- **Exercise prompt**:
Look through the entries below and return all lines including the word "vchi".

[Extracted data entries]
┄┄┄┄┄┄┄┄┄┄
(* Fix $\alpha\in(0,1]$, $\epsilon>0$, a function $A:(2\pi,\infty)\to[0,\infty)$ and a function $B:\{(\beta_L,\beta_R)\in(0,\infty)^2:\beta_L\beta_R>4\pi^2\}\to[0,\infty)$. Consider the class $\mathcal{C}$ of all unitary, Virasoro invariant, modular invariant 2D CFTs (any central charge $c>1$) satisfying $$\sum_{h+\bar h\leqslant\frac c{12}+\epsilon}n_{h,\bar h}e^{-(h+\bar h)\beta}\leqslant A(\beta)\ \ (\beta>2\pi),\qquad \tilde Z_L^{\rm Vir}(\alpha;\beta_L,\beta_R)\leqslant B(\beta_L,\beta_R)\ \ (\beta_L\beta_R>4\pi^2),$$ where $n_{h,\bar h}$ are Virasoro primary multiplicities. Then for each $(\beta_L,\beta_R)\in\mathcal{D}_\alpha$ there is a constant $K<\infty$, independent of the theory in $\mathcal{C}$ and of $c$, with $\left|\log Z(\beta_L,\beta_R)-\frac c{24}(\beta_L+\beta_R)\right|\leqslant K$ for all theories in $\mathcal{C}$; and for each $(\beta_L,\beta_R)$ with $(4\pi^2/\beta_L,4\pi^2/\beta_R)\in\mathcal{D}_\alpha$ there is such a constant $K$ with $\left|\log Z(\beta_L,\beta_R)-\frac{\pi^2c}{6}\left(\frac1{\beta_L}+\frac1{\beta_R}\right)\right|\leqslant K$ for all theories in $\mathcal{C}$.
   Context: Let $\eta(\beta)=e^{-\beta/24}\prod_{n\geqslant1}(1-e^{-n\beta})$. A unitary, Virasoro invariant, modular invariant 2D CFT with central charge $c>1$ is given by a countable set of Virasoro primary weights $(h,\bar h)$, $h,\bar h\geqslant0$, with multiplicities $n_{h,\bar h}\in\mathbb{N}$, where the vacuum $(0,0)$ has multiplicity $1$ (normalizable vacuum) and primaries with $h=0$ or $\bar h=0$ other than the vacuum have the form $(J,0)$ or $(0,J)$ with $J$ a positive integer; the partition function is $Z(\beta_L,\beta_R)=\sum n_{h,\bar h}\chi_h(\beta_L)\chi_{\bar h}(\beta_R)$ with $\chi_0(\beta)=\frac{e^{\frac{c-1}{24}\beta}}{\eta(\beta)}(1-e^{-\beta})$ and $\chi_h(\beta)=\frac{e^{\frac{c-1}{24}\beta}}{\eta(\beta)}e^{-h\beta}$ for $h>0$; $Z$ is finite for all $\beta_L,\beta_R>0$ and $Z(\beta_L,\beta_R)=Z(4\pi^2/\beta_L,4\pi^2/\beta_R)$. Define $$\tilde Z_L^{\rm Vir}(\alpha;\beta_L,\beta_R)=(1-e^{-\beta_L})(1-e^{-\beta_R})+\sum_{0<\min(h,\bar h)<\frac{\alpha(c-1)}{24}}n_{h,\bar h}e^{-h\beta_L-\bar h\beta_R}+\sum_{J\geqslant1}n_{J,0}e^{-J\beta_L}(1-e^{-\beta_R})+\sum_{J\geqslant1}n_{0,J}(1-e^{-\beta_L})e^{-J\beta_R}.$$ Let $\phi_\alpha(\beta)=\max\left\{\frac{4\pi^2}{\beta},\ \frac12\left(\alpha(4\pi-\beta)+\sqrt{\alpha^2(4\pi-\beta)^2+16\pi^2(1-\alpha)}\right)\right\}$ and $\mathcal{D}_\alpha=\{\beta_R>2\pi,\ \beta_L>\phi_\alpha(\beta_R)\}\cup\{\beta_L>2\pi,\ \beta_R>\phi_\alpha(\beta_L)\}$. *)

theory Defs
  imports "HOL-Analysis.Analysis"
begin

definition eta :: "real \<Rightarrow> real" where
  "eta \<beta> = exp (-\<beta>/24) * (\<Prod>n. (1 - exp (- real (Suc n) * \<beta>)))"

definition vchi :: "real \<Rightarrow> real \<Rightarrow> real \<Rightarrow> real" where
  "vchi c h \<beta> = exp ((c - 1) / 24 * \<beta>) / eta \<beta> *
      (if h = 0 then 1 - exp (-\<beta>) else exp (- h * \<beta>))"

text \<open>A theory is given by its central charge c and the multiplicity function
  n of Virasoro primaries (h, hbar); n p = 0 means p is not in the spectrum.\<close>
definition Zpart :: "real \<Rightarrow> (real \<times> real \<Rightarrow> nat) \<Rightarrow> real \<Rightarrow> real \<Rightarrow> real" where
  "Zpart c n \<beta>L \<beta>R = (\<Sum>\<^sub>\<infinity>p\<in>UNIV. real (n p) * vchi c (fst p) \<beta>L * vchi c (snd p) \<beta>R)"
┄┄┄┄┄┄┄┄┄┄
- **Result of this exercise**:
definition vchi :: "real \<Rightarrow> real \<Rightarrow> real \<Rightarrow> real" where
  "vchi c h \<beta> = exp ((c - 1) / 24 * \<beta>) / eta \<beta> *
  "Zpart c n \<beta>L \<beta>R = (\<Sum>\<^sub>\<infinity>p\<in>UNIV. real (n p) * vchi c (fst p) \<beta>L * vchi c (snd p) \<beta>R)"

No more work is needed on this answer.